About 230,000 U.S. homeowners had secured permanent loan modification under the program through last month, according to Treasury Department data also released Wednesday. That includes about 14,000 borrowers in the Washington region.
But many borrowers who have signed up for the program are in limbo, waiting to prove they qualify for permanent mortgage relief.
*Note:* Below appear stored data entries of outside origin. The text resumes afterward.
context
  fixes v :: "'a::field poly"
  assumes deg_v: "degree v = 1"
begin

lemma pcompose_comp_inv_cancel:
  "pcompose v (pcompose (comp_inv v) p) = p"
  "pcompose (comp_inv v) (pcompose v p) = p"
  by (simp_all add: pcompose_assoc pcompose_comp_inv_right pcompose_comp_inv_left deg_v
      pcompose_idL)

lemma pconj_pcompose: "pconj v (pcompose p q) = pcompose (pconj v p) (pconj v q)"
  by (simp add: pconj_def pcompose_assoc[symmetric] pcompose_comp_inv_cancel)

lemma pconj_inverse: "pcompose v (pcompose (pconj v p) (comp_inv v)) = p"
  by (simp add: pconj_def pcompose_assoc[symmetric] pcompose_comp_inv_cancel
      pcompose_comp_inv_right deg_v)

lemma pconj_surj: "pconj v (pcompose v (pcompose p (comp_inv v))) = p"
  by (simp add: pconj_def pcompose_assoc[symmetric] pcompose_comp_inv_cancel
      pcompose_comp_inv_left deg_v)

lemma inj_pconj: "inj (pconj v)"
  by (metis injI pconj_inverse)

lemma degree_pconj: "degree (pconj v p) = degree p"
  by (simp add: pconj_def degree_pcompose deg_v degree_comp_inv)

lemma pconj_mem_linear_solutions:
  "(pconj v a, pconj v b) \<in> linear_solutions (pconj v F) (pconj v l) \<longleftrightarrow>
   (a, b) \<in> linear_solutions F l"
  by (simp add: linear_solutions_def degree_pconj pconj_pcompose[symmetric] inj_eq[OF inj_pconj])

lemma linear_solutions_pconj:
  "linear_solutions (pconj v F) (pconj v l) = map_prod (pconj v) (pconj v) ` linear_solutions F l"
proof (intro equalityI subsetI)
  fix x assume x: "x \<in> linear_solutions (pconj v F) (pconj v l)"
  obtain a b where "x = (pconj v a, pconj v b)"
    by (metis pconj_surj surj_pair)
  with x show "x \<in> map_prod (pconj v) (pconj v) ` linear_solutions F l"
    using pconj_mem_linear_solutions by force
qed (use pconj_mem_linear_solutions in force)

lemma infinite_linear_solutions_pconj:
  "infinite (linear_solutions (pconj v F) (pconj v l)) \<longleftrightarrow> infinite (linear_solutions F l)"
  unfolding linear_solutions_pconj
  by (rule arg_cong[of _ _ Not], rule finite_image_iff)
    (meson inj_pconj prod.inj_map inj_on_subset subset_UNIV)

end

lemma coeff_pcompose_linear_power_subleading:
  fixes P :: "'a::comm_semiring_1 poly"
  assumes "degree P = n" and "n > 0" and "d > 1"
  shows "coeff (pcompose P ([:q, p:] ^ d)) (n * d - 1) =
         lead_coeff P * of_nat (n * d) * p ^ (n * d - 1) * q"
proof -
  have low: "coeff (([:q, p:] ^ d) ^ i) (n * d - 1) = 0" if "i < n" for i
  proof (rule coeff_eq_0)
    have "degree (([:q, p:] ^ d) ^ i) \<le> d * i"
      by (rule order_trans[OF degree_power_le], rule mult_le_mono1,
          rule order_trans[OF degree_power_le]) (simp add: degree_pCons_le)
    also have "d * i < n * d - 1"
    proof -
      have "d * Suc i \<le> d * n"
        using that by (intro mult_le_mono2) simp
      then show ?thesis
        using assms(3) by (simp add: mult.commute)
    qed
    finally show "degree (([:q, p:] ^ d) ^ i) < n * d - 1" .
  qed
  have "coeff (pcompose P ([:q, p:] ^ d)) (n * d - 1) =
        (\<Sum>i\<le>n. coeff P i * coeff (([:q, p:] ^ d) ^ i) (n * d - 1))"
    by (subst (1) poly_as_sum_of_monoms[symmetric])
      (simp add: assms(1) pcompose_sum pcompose_monom coeff_sum)
  also have "\<dots> = lead_coeff P * coeff ([:q, p:] ^ (n * d)) (n * d - 1)"
    using low
    by (simp add: lessThan_Suc_atMost[symmetric] assms(1) power_mult[symmetric] mult.commute)
  also have "\<dots> = lead_coeff P * of_nat (n * d) * p ^ (n * d - 1) * q"
    using assms binomial_symmetric[of 1 "n * d"] by (simp add: coeff_linear_poly_power mult.assoc)
  finally show ?thesis .
qed

lemma pcompose_monom_linear_eq_imp_shift_0:
  fixes P Q :: "'a::{idom,ring_char_0} poly"
  assumes eq: "pcompose P (pcompose (monom 1 d) [:q, p:]) = pcompose Q (monom 1 d)"
    and "degree P > 0" and "p \<noteq> 0" and "d > 1"
  shows "q = 0"
proof -
  let ?k = "degree P * d - 1"
  have "\<not> d dvd ?k"
  proof
    assume "d dvd ?k"
    then have "d dvd degree P * d - ?k"
      using dvd_diff_nat[of d "degree P * d" ?k] by simp
    also have "degree P * d - ?k = 1"
      using assms(2,4) by (simp add: Suc_le_eq)
    finally show False
      using \<open>d > 1\<close> by simp
  qed
  then have "coeff (pcompose Q (monom 1 d)) ?k = 0"
    by (rule coeff_pcompose_monom_not_dvd)
  then have "lead_coeff P * of_nat (degree P * d) * p ^ ?k * q = 0"
    using eq coeff_pcompose_linear_power_subleading[of P "degree P" d q p] assms(2,4)
    by (simp add: pcompose_monom)
  then show "q = 0"
    using assms(2-4) by auto
qed

lemma affine_powers_eq_imp_same_root:
  fixes \<alpha> \<beta> \<gamma> \<eta> k k' s t :: "'a::{idom,ring_char_0}"
  assumes eq: "[:s:] + smult k ([:\<beta>, \<alpha>:] ^ d) = [:t:] + smult k' ([:\<eta>, \<gamma>:] ^ d)"
    and "k \<noteq> 0" and "\<alpha> \<noteq> 0" and "d > 1"
  shows "\<beta> * \<gamma> = \<alpha> * \<eta>"
proof -
  obtain e where d: "d = Suc e" and "e > 0"
    using \<open>d > 1\<close> by (cases d) auto
  have coeffs: "coeff ([:x, y:] ^ d) d = y ^ d" "coeff ([:x, y:] ^ d) e = of_nat d * y ^ e * x"
    for x y :: 'a
    unfolding d by (simp_all add: coeff_linear_poly_power del: power_Suc)
  have const: "coeff [:x:] i = 0" if "i > 0" for x :: 'a and i
    using that by (cases i) simp_all
  have top: "k * \<alpha> ^ d = k' * \<gamma> ^ d"
    using arg_cong[OF eq, of "\<lambda>P. coeff P d"] \<open>d > 1\<close> by (simp add: coeffs const)
  have "k * (of_nat d * \<alpha> ^ e * \<beta>) = k' * (of_nat d * \<gamma> ^ e * \<eta>)"
    using arg_cong[OF eq, of "\<lambda>P. coeff P e"] \<open>e > 0\<close> by (simp add: coeffs const)
  moreover have "of_nat d \<noteq> (0 :: 'a)"
    using \<open>d > 1\<close> by simp
  ultimately have next_to_top: "k * \<alpha> ^ e * \<beta> = k' * \<gamma> ^ e * \<eta>"
    by (simp add: ac_simps)
  have "k * \<alpha> ^ d * (\<beta> * \<gamma>) = \<alpha> * \<gamma> * (k * \<alpha> ^ e * \<beta>)"
    using d by (simp add: ac_simps)
  also have "\<dots> = \<alpha> * \<gamma> * (k' * \<gamma> ^ e * \<eta>)"
    by (simp only: next_to_top)
  also have "\<dots> = (k' * \<gamma> ^ d) * (\<alpha> * \<eta>)"
    using d by (simp add: ac_simps)
  also have "\<dots> = k * \<alpha> ^ d * (\<alpha> * \<eta>)"
    by (simp add: top)
  finally show ?thesis
    using assms(2,3) by simp
qed

lemma finite_power_eq:
  fixes K :: "'a::idom"
  assumes "d > 0"
  shows "finite {x. x ^ d = K}"
proof -
  have "monom 1 d - [:K:] \<noteq> 0"
  proof
    assume "monom 1 d - [:K:] = 0"
    then have "degree (monom (1 :: 'a) d) = degree [:K:]"
      by simp
    then show False
      using assms by (simp add: degree_monom_eq)
  qed
  then have "finite {x. poly (monom 1 d - [:K:]) x = 0}"
    by (rule poly_roots_finite)
  then show ?thesis
    by (simp add: poly_monom)
qed

lemma linear_solution_constraint:
  fixes c g m0 m1 a0 a1 b0 b1 :: "'a::{idom,ring_char_0}"
  assumes G: "G = pcompose [:c, g:] (monom 1 d)"
    and eq: "pcompose G (pcompose [:m0, m1:] (pcompose G [:b0, b1:])) =
             pcompose [:a0, a1:] (pcompose G G)"
    and "g \<noteq> 0" and "m1 \<noteq> 0" and "b1 \<noteq> 0" and "d > 1"
  shows "b0 = 0 \<and> m0 + m1 * c = m1 * b1 ^ d * c"
proof -
  let ?w = "[:c, g:]" and ?X = "monom 1 d :: 'a poly"
  have G_pcompose: "pcompose G L = [:c:] + smult g (L ^ d)" for L
    by (simp add: G pcompose_assoc[symmetric] pcompose_monom pcompose_pCons pcompose_add
        pcompose_smult)
  have "pcompose (pcompose G (pcompose [:m0, m1:] ?w)) (pcompose ?X [:b0, b1:]) =
        pcompose (pcompose [:a0, a1:] (pcompose G ?w)) ?X"
    using eq by (simp add: G pcompose_assoc)
  then have b0: "b0 = 0"
    by (rule pcompose_monom_linear_eq_imp_shift_0)
      (use assms in \<open>simp_all add: degree_pcompose degree_monom_eq\<close>)
  have X_commute: "pcompose ?X [:0, b1:] = pcompose [:0, b1 ^ d:] ?X"
    using pcompose_monom_monom[of 1 d b1 1] pcompose_monom_monom[of "b1 ^ d" 1 1 d]
    by (simp add: monom_Suc monom_0)
  have "pcompose (pcompose G (pcompose [:m0, m1:] (pcompose ?w [:0, b1 ^ d:]))) ?X =
        pcompose (pcompose [:a0, a1:] (pcompose G ?w)) ?X"
    using eq b0 by (simp add: G pcompose_assoc[symmetric] X_commute)
  then have "pcompose G (pcompose [:m0, m1:] (pcompose ?w [:0, b1 ^ d:])) =
             pcompose [:a0, a1:] (pcompose G ?w)"
    by (rule pcompose_right_cancel) (use \<open>d > 1\<close> in \<open>simp add: degree_monom_eq\<close>)
  then have "[:c:] + smult g ([:m0 + m1 * c, m1 * g * b1 ^ d:] ^ d) =
             [:a0 + a1 * c:] + smult (a1 * g) ([:c, g:] ^ d)"
    by (simp add: G_pcompose pcompose_pCons algebra_simps)
  then have "(m0 + m1 * c) * g = (m1 * g * b1 ^ d) * c"
    by (rule affine_powers_eq_imp_same_root) (use assms in simp_all)
  then have "g * (m0 + m1 * c) = g * (m1 * b1 ^ d * c)"
    by (simp add: ac_simps)
  then show ?thesis
    using b0 \<open>g \<noteq> 0\<close> by simp
qed

lemma finite_linear_solutions:
  fixes c g m0 m1 :: "'a::field_char_0"
  assumes "g \<noteq> 0" and "m1 \<noteq> 0" and "d > 1" and "c \<noteq> 0 \<or> m0 \<noteq> 0"
  shows "finite (linear_solutions (pcompose [:c, g:] (monom 1 d)) [:m0, m1:])"
    (is "finite ?S")
proof -
  let ?G = "pcompose [:c, g:] (monom 1 d)"
  define K where "K = (m0 + m1 * c) / (m1 * c)"
  have "snd ` ?S \<subseteq> (\<lambda>p. [:0, p:]) ` {p. p ^ d = K}"
  proof
    fix b assume "b \<in> snd ` ?S"
    then obtain a where "(a, b) \<in> ?S"
      by force
    then obtain a0 a1 b0 b1 where "b = [:b0, b1:]" and "b1 \<noteq> 0"
      and "pcompose ?G (pcompose [:m0, m1:] (pcompose ?G [:b0, b1:])) =
           pcompose [:a0, a1:] (pcompose ?G ?G)"
      unfolding linear_solutions_def degree_eq_1_iff by blast
    from linear_solution_constraint[OF refl this(3) assms(1,2) this(2) assms(3)]
    have "b0 = 0" and root: "m0 + m1 * c = m1 * b1 ^ d * c"
      by blast+
    moreover have "c \<noteq> 0"
      using root assms(2,4) by auto
    ultimately show "b \<in> (\<lambda>p. [:0, p:]) ` {p. p ^ d = K}"
      using \<open>b = [:b0, b1:]\<close> assms(2) by (auto simp: K_def)
  qed
  then have "finite (snd ` ?S)"
    by (rule finite_subset) (use finite_power_eq[of d K] \<open>d > 1\<close> in simp)
  moreover have "inj_on snd ?S"
  proof (rule inj_onI)
    fix x y assume "x \<in> ?S" "y \<in> ?S" "snd x = snd y"
    then have "pcompose (fst x) (pcompose ?G ?G) = pcompose (fst y) (pcompose ?G ?G)"
      unfolding linear_solutions_def by (auto split: prod.splits)
    then have "fst x = fst y"
      by (rule pcompose_right_cancel)
        (use assms in \<open>simp add: degree_pcompose degree_monom_eq\<close>)
    then show "x = y"
      using \<open>snd x = snd y\<close> by (simp add: prod_eq_iff)
  qed
  ultimately show ?thesis
    by (simp add: finite_image_iff)
qed

lemma infinite_linear_solutions_monom:
  fixes g \<delta> :: "'a::field_char_0"
  assumes "\<delta> \<noteq> 0"
  shows "infinite (linear_solutions (monom g d) (monom \<delta> 1))"
proof -
  let ?sol = "\<lambda>p. (monom (\<delta> ^ d * p ^ (d * d)) 1, monom p 1)"
  have "?sol ` (UNIV - {0}) \<subseteq> linear_solutions (monom g d) (monom \<delta> 1)"
    using assms by (auto simp: linear_solutions_def pcompose_monom_monom degree_monom_eq
        power_mult power_mult_distrib ac_simps)
  moreover have "infinite (?sol ` (UNIV - {0}))"
    by (subst finite_image_iff) (auto intro: inj_onI simp: infinite_UNIV_char_0)
  ultimately show ?thesis
    using infinite_super by blast
qed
And more than 150,000 have been dropped from the program because they didn't keep up with their payments or their lender determined they did not qualify after all, according to the Treasury data.
"Treasury's response is lagging behind the pace of the crisis," said Elizabeth Warren, head of the watchdog panel. "It also seems clear that Treasury's programs will not reach the overwhelming majority of homeowners in trouble."
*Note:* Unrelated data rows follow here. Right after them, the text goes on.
lemma lm_deriv_split:
  assumes "lm_deriv (\<alpha> @ \<beta>) rs (map Tm w)"
  shows "\<exists>rs1 rs2 w1 w2. rs = rs1 @ rs2 \<and> w = w1 @ w2
           \<and> lm_deriv \<alpha> rs1 (map Tm w1) \<and> lm_deriv \<beta> rs2 (map Tm w2)"
  using assms
proof (induction "\<alpha> @ \<beta>" rs "map Tm w" arbitrary: \<alpha> \<beta> rule: lm_deriv.induct)
  case lm_nil
  then obtain w1 w2 where "\<alpha> = map Tm w1" "\<beta> = map Tm w2" "w = w1 @ w2"
    by (auto simp: append_eq_map_conv)
  then show ?case by (blast intro: lm_deriv.lm_nil)
next
  case (lm_cons r \<beta>' rs)
  then obtain u v where r: "r \<in> rules" and lhs: "map Tm u @ Nt (fst r) # v = \<alpha> @ \<beta>"
    and rhs: "\<beta>' = map Tm u @ snd r @ v"
    unfolding lm_step_def by auto
  from leftmost_split[OF lhs] show ?case
  proof (elim disjE exE conjE)
    fix \<alpha>' assume \<alpha>: "\<alpha> = map Tm u @ Nt (fst r) # \<alpha>'" and "v = \<alpha>' @ \<beta>"
    then have "\<beta>' = (map Tm u @ snd r @ \<alpha>') @ \<beta>" using rhs by simp
    from lm_cons.hyps(3)[OF this] obtain rs1 rs2 w1 w2 where
      "rs = rs1 @ rs2" "w = w1 @ w2" "lm_deriv (map Tm u @ snd r @ \<alpha>') rs1 (map Tm w1)"
      "lm_deriv \<beta> rs2 (map Tm w2)" by blast
    moreover have "lm_step r \<alpha> (map Tm u @ snd r @ \<alpha>')"
      unfolding lm_step_def using r \<alpha> by blast
    ultimately show ?thesis by (metis append_Cons lm_deriv.lm_cons)
  next
    fix u1 u2 assume \<alpha>: "\<alpha> = map Tm u1" and "u = u1 @ u2" and \<beta>: "\<beta> = map Tm u2 @ Nt (fst r) # v"
    then have "\<beta>' = \<alpha> @ (map Tm u2 @ snd r @ v)" using rhs by simp
    from lm_cons.hyps(3)[OF this] obtain rs1 rs2 w1 w2 where
      "rs = rs1 @ rs2" "w = w1 @ w2" "lm_deriv \<alpha> rs1 (map Tm w1)"
      "lm_deriv (map Tm u2 @ snd r @ v) rs2 (map Tm w2)" by blast
    moreover have "lm_step r \<beta> (map Tm u2 @ snd r @ v)"
      unfolding lm_step_def using r \<beta> by blast
    ultimately show ?thesis
      using lm_deriv_terminal[of u1] \<alpha> by (metis append_Nil lm_deriv.lm_cons)
  qed
qed

lemma lm_deriv_pieces:
  "lm_deriv \<alpha> rs (map Tm w) \<Longrightarrow>
   \<exists>ps. list_all2 (\<lambda>X (r, v). lm_deriv [X] r (map Tm v)) \<alpha> ps
        \<and> rs = concat (map fst ps) \<and> w = concat (map snd ps)"
proof (induction \<alpha> arbitrary: rs w)
  case Nil
  then have "rs = [] \<and> w = []" using lm_deriv_terminal[of "[]" rs "map Tm w"] by simp
  then show ?case by (intro exI[of _ "[]"]) simp
next
  case (Cons X \<alpha>)
  have "lm_deriv ([X] @ \<alpha>) rs (map Tm w)" using Cons.prems by simp
  from lm_deriv_split[OF this] obtain rs1 rs2 w1 w2 where split: "rs = rs1 @ rs2" "w = w1 @ w2"
    and X: "lm_deriv [X] rs1 (map Tm w1)" and rest: "lm_deriv \<alpha> rs2 (map Tm w2)"
    by blast
  from Cons.IH[OF rest] obtain ps where
    "list_all2 (\<lambda>X (r, v). lm_deriv [X] r (map Tm v)) \<alpha> ps"
    "rs2 = concat (map fst ps)" "w2 = concat (map snd ps)" by blast
  with split X show ?case by (intro exI[of _ "(rs1, w1) # ps"]) simp
qed

lemma lm_deriv_symbol:
  "lm_deriv [X] r (map Tm v) \<Longrightarrow> sym_gen X v \<and> (\<forall>a. X = Tm a \<longrightarrow> r = [])"
proof (cases X)
  case (Tm a)
  moreover assume "lm_deriv [X] r (map Tm v)"
  ultimately have "lm_deriv (map Tm [a]) r (map Tm v)" by simp
  from lm_deriv_terminal[OF this] have "r = [] \<and> v = [a]" by (simp only: map_Tm_eq_iff)
  with Tm show ?thesis by simp
next
  case (Nt A)
  moreover assume "lm_deriv [X] r (map Tm v)"
  ultimately show ?thesis using lm_deriv_generated by simp
qed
Treasury officials said Wednesday that the federal program was never meant to prevent all foreclosures. "It's still going to be a very painful process for millions of Americans, but we're going to keep working to make sure this program reaches as many people as we can reach," said Treasury Secretary Timothy F. Geithner.
Last month, the administration announced that it was revamping the program, adding features to encourage lenders to slash the loan balances of borrowers who owe more than their home is worth, a situation known as being underwater. About 75 percent of the homeowners helped under the federal program were underwater on their mortgage, according the watchdog group's report.
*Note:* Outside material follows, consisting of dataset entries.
(* Let $\rho>0$, $\alpha>0$, $\Omega_t\in\mathbb{S}^n$, $\bar W_t\in\mathbb{S}^n_+$ with $\operatorname{tr}(\bar W_t)=1$, $P_t\in\mathbb{R}^{n\times r}$ with $P_t^\top P_t=I_r$, and integers $r_p\ge0$, $r_c\ge1$ with $r_p\le r$. Let $(W_t^\star,y_t^\star)$ be a minimizer of $\min_{W\in\hat{\mathcal W}(\bar W_t,P_t),y\in\mathbb{R}^m}\langle W-C,\Omega_t\rangle-\langle b-\mathcal{A}(\Omega_t),y\rangle+\frac1{2\alpha}\|W-C+\mathcal{A}^*(y)\|^2$, written as $W_t^\star=\gamma_t^\star\bar W_t+P_tS_t^\star P_t^\top$ with $S_t^\star\in\mathbb{S}^r_+$, $\gamma_t^\star\ge0$, $\gamma_t^\star+\operatorname{tr}(S_t^\star)\le\rho$, and let $X_{t+1}^\star:=\Omega_t+\frac1\alpha(W_t^\star-C+\mathcal{A}^*(y_t^\star))$. Write an eigendecomposition $S_t^\star=Q_1\Sigma_1Q_1^\top+Q_2\Sigma_2Q_2^\top$ where $[Q_1\ Q_2]$ is orthogonal, $\Sigma_1\in\mathbb{S}^{r_p}$ is diagonal with the $r_p$ largest eigenvalues of $S_t^\star$ and $\Sigma_2$ diagonal with the remaining ones. Let $V_t\in\mathbb{R}^{n\times r_c}$ have orthonormal columns that are eigenvectors of $-X_{t+1}^\star$ for its $r_c$ largest eigenvalues. Let $P_{t+1}$ be any matrix with orthonormal columns whose column space equals that of $[V_t\ \ P_tQ_1]$, assume $\gamma_t^\star+\operatorname{tr}(\Sigma_2)>0$, and set $\bar W_{t+1}:=\frac{1}{\gamma_t^\star+\operatorname{tr}(\Sigma_2)}\big(\gamma_t^\star\bar W_t+P_tQ_2\Sigma_2Q_2^\top P_t^\top\big)$. Then, writing $\hat F_{t}:=\hat F_{(\bar W_t,P_t)}$ and $\hat F_{t+1}:=\hat F_{(\bar W_{t+1},P_{t+1})}$: (i) $\hat F_{t+1}(X)\le F(X)$ for all $X\in\mathbb{S}^n$; (ii) $\hat F_{t+1}(X)\ge F(X_{t+1}^\star)+\langle g,X-X_{t+1}^\star\rangle$ for all $X\in\mathbb{S}^n$, where $g=C-\rho vv^\top$ with $v$ the first column of $V_t$ if $\lambda_{\max}(-X_{t+1}^\star)>0$, and $g=C$ otherwise (in both cases $g\in\partial F(X_{t+1}^\star)$); (iii) if $\mathcal{A}(\Omega_t)$ is arbitrary but $X\in\mathcal{X}_0$, then $\hat F_{t+1}(X)\ge \hat F_t(X_{t+1}^\star)+\langle \alpha(\Omega_t-X_{t+1}^\star),X-X_{t+1}^\star\rangle$ for all $X\in\mathcal{X}_0$.
   Context: Data: $b\in\mathbb{R}^m$, $C,A_1,\dots,A_m\in\mathbb{S}^n$ with $A_1,\dots,A_m$ linearly independent; $\langle X,Y\rangle=\operatorname{tr}(XY)$, $\|\cdot\|$ Frobenius norm; $\mathcal{A}(X)=(\langle A_i,X\rangle)_{i=1}^m$, $\mathcal{A}^*(y)=\sum_iy_iA_i$; $\mathcal{X}_0:=\{X\in\mathbb{S}^n:\mathcal{A}(X)=b\}$. $F(X):=\langle C,X\rangle+\rho\max\{\lambda_{\max}(-X),0\}$. For $\bar W\succeq0$ with trace $1$ and $P$ with orthonormal columns ($k$ columns): $\hat{\mathcal W}(\bar W,P):=\{\gamma\bar W+PSP^\top: S\in\mathbb{S}^k_+,\gamma\ge0,\gamma+\operatorname{tr}(S)\le\rho\}$ and $\hat F_{(\bar W,P)}(X):=\langle C,X\rangle+\max_{W\in\hat{\mathcal W}(\bar W,P)}\langle W,-X\rangle$. ($X_{t+1}^\star$ is the minimizer over $\mathcal{X}_0$ of $\hat F_t(X)+\frac\alpha2\|X-\Omega_t\|^2$.) *)

theory Defs
  imports "Jordan_Normal_Form.Matrix" "Jordan_Normal_Form.Char_Poly"
begin

definition mtrace :: "real mat \<Rightarrow> real" where
  "mtrace A = (\<Sum>i<dim_row A. A $$ (i, i))"

definition frob :: "real mat \<Rightarrow> real mat \<Rightarrow> real" where
  "frob X Y = mtrace (X * Y)"

definition fnorm :: "real mat \<Rightarrow> real" where
  "fnorm X = sqrt (frob (transpose_mat X) X)"

definition symm :: "nat \<Rightarrow> real mat \<Rightarrow> bool" where
  "symm k X \<longleftrightarrow> X \<in> carrier_mat k k \<and> transpose_mat X = X"

definition psd :: "nat \<Rightarrow> real mat \<Rightarrow> bool" where
  "psd k X \<longleftrightarrow> symm k X \<and> (\<forall>v \<in> carrier_vec k. 0 \<le> v \<bullet> (X *\<^sub>v v))"

definition diagonal :: "real mat \<Rightarrow> bool" where
  "diagonal D \<longleftrightarrow> (\<forall>i<dim_row D. \<forall>j<dim_col D. i \<noteq> j \<longrightarrow> D $$ (i, j) = 0)"

definition lmax :: "real mat \<Rightarrow> real" where
  "lmax X = Max {k. eigenvalue X k}"

definition hcat :: "real mat \<Rightarrow> real mat \<Rightarrow> real mat" where
  "hcat A B = mat (dim_row A) (dim_col A + dim_col B)
     (\<lambda>(i, j). if j < dim_col A then A $$ (i, j) else B $$ (i, j - dim_col A))"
In the Washington region, foreclosures continue to be a problem. On Wednesday, local nonprofit groups and government officials announced the creation of the Capital Area Foreclosure Network to coordinate outreach efforts to distressed borrowers.
The network, which includes the Metropolitan Washington Council of Governments and the Nonprofit Roundtable of Greater Washington as well as Fannie Mae and Freddie Mac, will share information among nonprofit groups and banks while coordinating a regional response to the foreclosure crisis.
"People walk into nonprofit housing counseling organizations every day seeking to prevent foreclosure. But these are really complex challenges, and the work is hard," said Chuck Bean, executive director of the Nonprofit Roundtable of Greater Washington. "Now, by bringing together all the players . . . we hope to better support the staff that are on the ground doing the work."
Meanwhile, a report by the Urban Institute, a District-based nonprofit policy research group, to be released Thursday found that by the end of last year, nearly 3 percent of outstanding mortgages in the Washington region were in the foreclosure process and 9 percent were delinquent. There are signs that the region's housing market is starting to improve, the report says. But in the far suburbs and eastern areas, many homes are languishing on the market before selling, according to the report. About 27 percent of homes for sale in the Washington region stay on the market for at least three months. But in Charles County, about 42 percent of homes on the market take at least four months to sell.
"The region still faces a substantial challenge from the foreclosure crisis. There are still a lot of homeowners behind on their mortgage," said Peter Tatian, senior research association for the Urban Institute.